Many people who use lenses have very little understanding in the complexity or the science that goes on behind them. I do not pretend to be an expert on optics but I have spent some time in trying to understand just how complex they are.
I think its first just a good idea to remind ourselves of what light is. It was Isaac Newton,1642 to 1726, who first put forward the idea that light travels in straight lines but acts as waves. Around the same time it was Christian Huygen, 1629 to 1695, who put forward the theory that light is actually made up of particles.
The first lens, as we think of them now, was first developed around the 16th Century and in terms of picture making they where first used by artists in camera obscure for drawing the layout of pictures. The famous Flemish artist Vermeer is thought to have used this to get his perspective correct.

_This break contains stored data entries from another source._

lemma unforced_switched_rlc_difference:
  assumes "R > 0" "L > 0" "C > 0" "T > 0"
    and sol: "is_switched_solution R L C Vdc T x" "is_switched_solution R L C Vdc T y"
  shows "unforced_switched_rlc R L C (T / 2) (\<lambda>t. x t $ 1 - y t $ 1) (\<lambda>t. x t $ 2 - y t $ 2)"
proof
  fix j t assume t: "t \<in> grid_interval (T / 2) j"
  show "((\<lambda>t. x t $ 1 - y t $ 1) has_real_derivative
          - R / L * (x t $ 1 - y t $ 1) - switch_sign j * (x t $ 2 - y t $ 2) / L)
          (at t within grid_interval (T / 2) j)"
    by (rule DERIV_cong[OF DERIV_diff[OF switched_current_has_derivative[OF sol(1) t]
                                         switched_current_has_derivative[OF sol(2) t]]])
      (use assms in \<open>simp add: field_simps\<close>)
  show "((\<lambda>t. x t $ 2 - y t $ 2) has_real_derivative switch_sign j * (x t $ 1 - y t $ 1) / C)
          (at t within grid_interval (T / 2) j)"
    by (rule DERIV_cong[OF DERIV_diff[OF switched_voltage_has_derivative[OF sol(1) t]
                                         switched_voltage_has_derivative[OF sol(2) t]]])
      (use assms in \<open>simp add: field_simps\<close>)
qed (use assms in auto)

lemma grid_interval_shift_has_derivative:
  assumes deriv: "\<And>s. s \<in> grid_interval h (Suc j) \<Longrightarrow>
                    (f has_real_derivative f' s) (at s within grid_interval h (Suc j))"
    and t: "t \<in> grid_interval h j"
  shows "((\<lambda>t. f (t + h)) has_real_derivative f' (t + h)) (at t within grid_interval h j)"
proof -
  have shift: "(\<lambda>t. t + h) ` grid_interval h j = grid_interval h (Suc j)"
    by (simp add: grid_interval_def algebra_simps)
  have "(f \<circ> (\<lambda>t. t + h) has_real_derivative f' (t + h) * 1) (at t within grid_interval h j)"
  proof (rule DERIV_image_chain)
    show "(f has_real_derivative f' (t + h)) (at (t + h) within (\<lambda>t. t + h) ` grid_interval h j)"
      unfolding shift using t by (intro deriv) (auto simp: grid_interval_def algebra_simps)
  qed (auto intro!: derivative_eq_intros)
  then show ?thesis by (simp add: o_def)
qed

text \<open>A solution and its translate by half a period solve the circuit with opposite switch
  positions, so their current difference and voltage sum, offset by the source, solve the
  unforced circuit.\<close>

lemma unforced_switched_rlc_half_period_shift:
  assumes "R > 0" "L > 0" "C > 0" "T > 0" and sol: "is_switched_solution R L C Vdc T x"
  shows "unforced_switched_rlc R L C (T / 2)
           (\<lambda>t. x t $ 1 - x (t + T / 2) $ 1) (\<lambda>t. x t $ 2 + x (t + T / 2) $ 2 - Vdc)"
proof
  fix j t assume t: "t \<in> grid_interval (T / 2) j"
  note shifted =
    grid_interval_shift_has_derivative[OF switched_current_has_derivative[OF sol] t]
    grid_interval_shift_has_derivative[OF switched_voltage_has_derivative[OF sol] t]
  show "((\<lambda>t. x t $ 1 - x (t + T / 2) $ 1) has_real_derivative
          - R / L * (x t $ 1 - x (t + T / 2) $ 1) - switch_sign j * (x t $ 2 + x (t + T / 2) $ 2 - Vdc) / L)
          (at t within grid_interval (T / 2) j)"
    by (rule DERIV_cong[OF DERIV_diff[OF switched_current_has_derivative[OF sol t] shifted(1)]])
      (use assms in \<open>auto simp: field_simps switch_sign_def\<close>)
  show "((\<lambda>t. x t $ 2 + x (t + T / 2) $ 2 - Vdc) has_real_derivative
          switch_sign j * (x t $ 1 - x (t + T / 2) $ 1) / C) (at t within grid_interval (T / 2) j)"
    by (rule DERIV_cong[OF DERIV_diff[OF DERIV_add[OF switched_voltage_has_derivative[OF sol t] shifted(2)]
                                         DERIV_const]])
      (use assms in \<open>auto simp: field_simps switch_sign_def\<close>)
qed (use assms in auto)

lemma switched_solution_continuous_component:
  "is_switched_solution R L C Vdc T x \<Longrightarrow> continuous_on {0..} (\<lambda>t. x t $ k)"
  unfolding is_switched_solution_def by (auto intro: continuous_on_component)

In1835 it was Fox Talbot who used a very simple lens on the camera that he used to produce what has been considered to be the first proper photograph.
The window at Fox Talbot taken in 1835, at his house which was Lacock Abby, Wiltshire, now a National Trust property.

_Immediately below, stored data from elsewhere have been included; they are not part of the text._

lemma card_sym_diff_image:
  assumes "inj_on h K" "X \<subseteq> K" "Y \<subseteq> K"
  shows "card ((h ` X - h ` Y) \<union> (h ` Y - h ` X)) = card ((X - Y) \<union> (Y - X))"
proof -
  have "h ` (X - Y) = h ` X - h ` Y" "h ` (Y - X) = h ` Y - h ` X"
    by (intro inj_on_image_set_diff[OF assms(1)]; use assms in blast)+
  then have "(h ` X - h ` Y) \<union> (h ` Y - h ` X) = h ` ((X - Y) \<union> (Y - X))"
    by (simp add: image_Un)
  moreover have "inj_on h ((X - Y) \<union> (Y - X))"
    using assms by (blast intro: inj_on_subset)
  ultimately show ?thesis
    by (simp add: card_image)
qed

lemma image_pair_partition:
  assumes inj: "inj_on h K" and "A \<subseteq> K" and P: "\<forall>S\<in>P. S \<subseteq> A \<and> card S = 2"
    "\<forall>S\<in>P. \<forall>T\<in>P. S \<noteq> T \<longrightarrow> S \<inter> T = {}"
  shows "card ((`) h ` P) = card P" "\<forall>S\<in>(`) h ` P. S \<subseteq> h ` A \<and> card S = 2"
    "\<forall>S\<in>(`) h ` P. \<forall>T\<in>(`) h ` P. S \<noteq> T \<longrightarrow> S \<inter> T = {}"
proof -
  have PK: "S \<in> P \<Longrightarrow> S \<subseteq> K" for S
    using assms(2) P(1) by blast
  then show "card ((`) h ` P) = card P"
    using inj_on_subset[OF inj_on_image_Pow[OF inj]] by (blast intro: card_image)
  show "\<forall>S\<in>(`) h ` P. S \<subseteq> h ` A \<and> card S = 2"
    using P(1) PK inj by (auto simp: card_image inj_on_subset)
  show "\<forall>S\<in>(`) h ` P. \<forall>T\<in>(`) h ` P. S \<noteq> T \<longrightarrow> S \<inter> T = {}"
  proof (intro ballI impI)
    fix S' T' assume "S' \<in> (`) h ` P" "T' \<in> (`) h ` P" "S' \<noteq> T'"
    then obtain S T where ST: "S \<in> P" "T \<in> P" "S \<noteq> T" and "S' = h ` S" "T' = h ` T"
      by blast
    then show "S' \<inter> T' = {}"
      using P(2) inj_on_image_Int[OF inj PK[OF ST(1)] PK[OF ST(2)]] by simp
  qed
qed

The early photographers used a simple lens for their pictures, not only were the pictures not very sharp but they also often had vignetting in the corners, this was because the photographic plate was not in the centre of good definition. The problem is that a lens has to be round but needs to produce an image for a square sensor, this sensor needs to be in the area of good definition.
In this illustration a single lens is focused on a sheet of paper, you can see the image fall off around the edges of the image very clearly.
A simple lens is not very good at producing a good image because it has many aberrations as well as producing distortions.